| Raw data |

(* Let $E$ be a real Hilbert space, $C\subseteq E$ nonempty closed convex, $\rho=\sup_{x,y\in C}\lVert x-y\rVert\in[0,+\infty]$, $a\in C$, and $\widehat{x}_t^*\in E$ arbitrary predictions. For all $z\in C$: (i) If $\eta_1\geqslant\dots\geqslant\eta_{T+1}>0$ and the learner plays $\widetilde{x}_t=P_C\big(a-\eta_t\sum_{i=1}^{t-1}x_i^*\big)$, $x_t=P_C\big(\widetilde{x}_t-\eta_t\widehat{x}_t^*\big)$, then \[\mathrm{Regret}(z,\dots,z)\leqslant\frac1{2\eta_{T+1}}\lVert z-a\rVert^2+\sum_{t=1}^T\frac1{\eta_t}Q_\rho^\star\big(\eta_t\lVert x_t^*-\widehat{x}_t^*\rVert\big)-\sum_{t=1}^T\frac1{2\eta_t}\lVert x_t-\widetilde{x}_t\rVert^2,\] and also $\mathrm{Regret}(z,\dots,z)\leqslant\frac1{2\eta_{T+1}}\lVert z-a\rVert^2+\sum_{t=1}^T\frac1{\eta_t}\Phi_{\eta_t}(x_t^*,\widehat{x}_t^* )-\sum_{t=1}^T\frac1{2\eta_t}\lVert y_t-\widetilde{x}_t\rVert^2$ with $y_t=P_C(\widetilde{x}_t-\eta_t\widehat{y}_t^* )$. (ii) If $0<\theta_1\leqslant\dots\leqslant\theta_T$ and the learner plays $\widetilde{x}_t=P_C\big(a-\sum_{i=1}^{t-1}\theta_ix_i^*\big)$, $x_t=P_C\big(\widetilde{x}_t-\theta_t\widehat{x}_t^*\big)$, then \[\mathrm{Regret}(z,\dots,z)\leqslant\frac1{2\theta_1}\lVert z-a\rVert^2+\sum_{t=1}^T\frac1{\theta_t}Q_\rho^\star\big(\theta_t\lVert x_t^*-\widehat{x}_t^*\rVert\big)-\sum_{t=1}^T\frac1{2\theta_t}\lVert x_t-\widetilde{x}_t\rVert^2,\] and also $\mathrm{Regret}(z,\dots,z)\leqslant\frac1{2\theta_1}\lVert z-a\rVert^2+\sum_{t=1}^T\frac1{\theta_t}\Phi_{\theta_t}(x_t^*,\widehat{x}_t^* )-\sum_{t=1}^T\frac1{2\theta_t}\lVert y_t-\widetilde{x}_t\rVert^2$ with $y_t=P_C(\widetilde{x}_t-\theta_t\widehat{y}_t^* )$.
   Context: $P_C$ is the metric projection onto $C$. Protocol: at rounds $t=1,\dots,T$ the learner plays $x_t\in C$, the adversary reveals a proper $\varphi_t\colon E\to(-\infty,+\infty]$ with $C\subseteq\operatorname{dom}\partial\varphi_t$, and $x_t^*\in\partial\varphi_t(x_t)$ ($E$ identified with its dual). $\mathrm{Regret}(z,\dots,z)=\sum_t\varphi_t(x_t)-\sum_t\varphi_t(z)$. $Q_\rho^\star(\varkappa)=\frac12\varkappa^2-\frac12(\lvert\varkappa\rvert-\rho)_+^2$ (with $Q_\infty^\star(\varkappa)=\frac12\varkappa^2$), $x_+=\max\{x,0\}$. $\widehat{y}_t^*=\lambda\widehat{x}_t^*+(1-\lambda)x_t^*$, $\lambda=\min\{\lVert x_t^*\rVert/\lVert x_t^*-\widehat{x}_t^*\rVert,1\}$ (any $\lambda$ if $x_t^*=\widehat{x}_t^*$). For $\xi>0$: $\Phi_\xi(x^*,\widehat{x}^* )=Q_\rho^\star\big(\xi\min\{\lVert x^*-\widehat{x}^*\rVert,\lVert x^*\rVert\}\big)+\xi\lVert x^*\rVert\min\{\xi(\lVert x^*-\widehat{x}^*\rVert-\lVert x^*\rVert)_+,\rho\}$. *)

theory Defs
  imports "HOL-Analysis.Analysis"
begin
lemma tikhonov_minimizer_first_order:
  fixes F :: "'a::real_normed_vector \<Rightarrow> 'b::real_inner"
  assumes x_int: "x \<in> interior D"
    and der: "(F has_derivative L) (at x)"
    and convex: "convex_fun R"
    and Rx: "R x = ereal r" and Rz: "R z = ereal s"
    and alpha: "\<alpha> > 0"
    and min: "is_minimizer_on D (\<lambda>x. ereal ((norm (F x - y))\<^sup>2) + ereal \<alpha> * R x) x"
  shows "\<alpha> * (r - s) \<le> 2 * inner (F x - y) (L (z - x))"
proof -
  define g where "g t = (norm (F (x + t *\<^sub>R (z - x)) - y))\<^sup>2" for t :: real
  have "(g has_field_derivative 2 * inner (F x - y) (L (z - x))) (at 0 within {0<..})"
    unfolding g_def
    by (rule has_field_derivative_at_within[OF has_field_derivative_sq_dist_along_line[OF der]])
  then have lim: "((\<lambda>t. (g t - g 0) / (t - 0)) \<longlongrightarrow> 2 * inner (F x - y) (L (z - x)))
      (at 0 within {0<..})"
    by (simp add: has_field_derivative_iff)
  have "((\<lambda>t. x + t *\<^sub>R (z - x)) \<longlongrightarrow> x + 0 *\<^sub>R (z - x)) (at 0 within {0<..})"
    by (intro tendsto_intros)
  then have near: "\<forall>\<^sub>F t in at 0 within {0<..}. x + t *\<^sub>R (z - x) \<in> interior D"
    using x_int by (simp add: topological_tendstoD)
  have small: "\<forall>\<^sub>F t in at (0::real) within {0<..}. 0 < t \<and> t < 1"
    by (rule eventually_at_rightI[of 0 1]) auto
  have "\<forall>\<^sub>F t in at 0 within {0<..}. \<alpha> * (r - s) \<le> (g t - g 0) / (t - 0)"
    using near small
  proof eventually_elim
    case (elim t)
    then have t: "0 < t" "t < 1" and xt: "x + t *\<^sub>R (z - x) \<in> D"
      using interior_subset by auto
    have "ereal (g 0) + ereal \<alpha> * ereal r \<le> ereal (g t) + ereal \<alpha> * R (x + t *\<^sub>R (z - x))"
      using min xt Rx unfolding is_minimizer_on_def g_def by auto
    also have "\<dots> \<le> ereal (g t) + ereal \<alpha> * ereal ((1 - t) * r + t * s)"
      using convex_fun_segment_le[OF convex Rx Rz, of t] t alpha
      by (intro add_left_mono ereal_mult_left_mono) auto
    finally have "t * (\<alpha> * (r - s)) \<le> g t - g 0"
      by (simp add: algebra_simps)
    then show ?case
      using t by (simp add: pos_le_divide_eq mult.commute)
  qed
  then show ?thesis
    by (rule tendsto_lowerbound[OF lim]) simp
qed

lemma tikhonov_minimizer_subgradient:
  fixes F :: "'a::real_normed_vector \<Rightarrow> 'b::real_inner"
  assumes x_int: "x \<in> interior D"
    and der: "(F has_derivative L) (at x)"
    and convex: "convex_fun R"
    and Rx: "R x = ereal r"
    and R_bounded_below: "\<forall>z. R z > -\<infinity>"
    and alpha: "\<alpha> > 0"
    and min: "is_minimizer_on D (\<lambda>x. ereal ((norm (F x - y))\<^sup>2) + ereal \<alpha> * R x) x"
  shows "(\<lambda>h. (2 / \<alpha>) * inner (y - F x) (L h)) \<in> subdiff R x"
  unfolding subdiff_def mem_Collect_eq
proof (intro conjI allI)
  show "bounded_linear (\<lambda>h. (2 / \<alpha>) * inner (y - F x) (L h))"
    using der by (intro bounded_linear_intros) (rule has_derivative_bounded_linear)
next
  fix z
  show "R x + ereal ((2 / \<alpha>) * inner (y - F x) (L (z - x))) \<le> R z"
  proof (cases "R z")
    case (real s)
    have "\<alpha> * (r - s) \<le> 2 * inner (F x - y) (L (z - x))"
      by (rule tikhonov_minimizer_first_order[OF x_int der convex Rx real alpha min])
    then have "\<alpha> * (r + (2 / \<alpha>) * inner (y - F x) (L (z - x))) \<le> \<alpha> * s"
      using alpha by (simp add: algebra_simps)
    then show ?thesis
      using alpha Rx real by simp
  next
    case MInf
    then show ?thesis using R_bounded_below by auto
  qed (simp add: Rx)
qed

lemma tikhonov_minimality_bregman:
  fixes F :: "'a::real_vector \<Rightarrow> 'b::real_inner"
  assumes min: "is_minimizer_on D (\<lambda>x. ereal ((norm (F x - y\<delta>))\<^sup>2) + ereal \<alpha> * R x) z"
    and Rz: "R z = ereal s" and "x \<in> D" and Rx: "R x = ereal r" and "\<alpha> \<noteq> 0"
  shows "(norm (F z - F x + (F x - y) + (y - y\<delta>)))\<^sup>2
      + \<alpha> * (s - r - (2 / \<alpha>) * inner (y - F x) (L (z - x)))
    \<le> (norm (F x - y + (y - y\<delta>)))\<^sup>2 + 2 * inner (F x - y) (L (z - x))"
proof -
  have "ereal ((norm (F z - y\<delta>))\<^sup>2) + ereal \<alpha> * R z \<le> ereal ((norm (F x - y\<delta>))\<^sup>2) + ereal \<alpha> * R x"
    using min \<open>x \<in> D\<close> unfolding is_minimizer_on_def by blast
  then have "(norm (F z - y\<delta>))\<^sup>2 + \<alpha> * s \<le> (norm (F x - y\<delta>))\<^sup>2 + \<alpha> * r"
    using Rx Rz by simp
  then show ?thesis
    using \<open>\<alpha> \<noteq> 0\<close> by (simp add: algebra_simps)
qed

| Work item |
Once you find the line containing "using \<open>\<alpha> \<noteq>", copy it and every line after it through the end of the records, exactly and nothing else.

| Result of this task |
    using \<open>\<alpha> \<noteq> 0\<close> by (simp add: algebra_simps)
qed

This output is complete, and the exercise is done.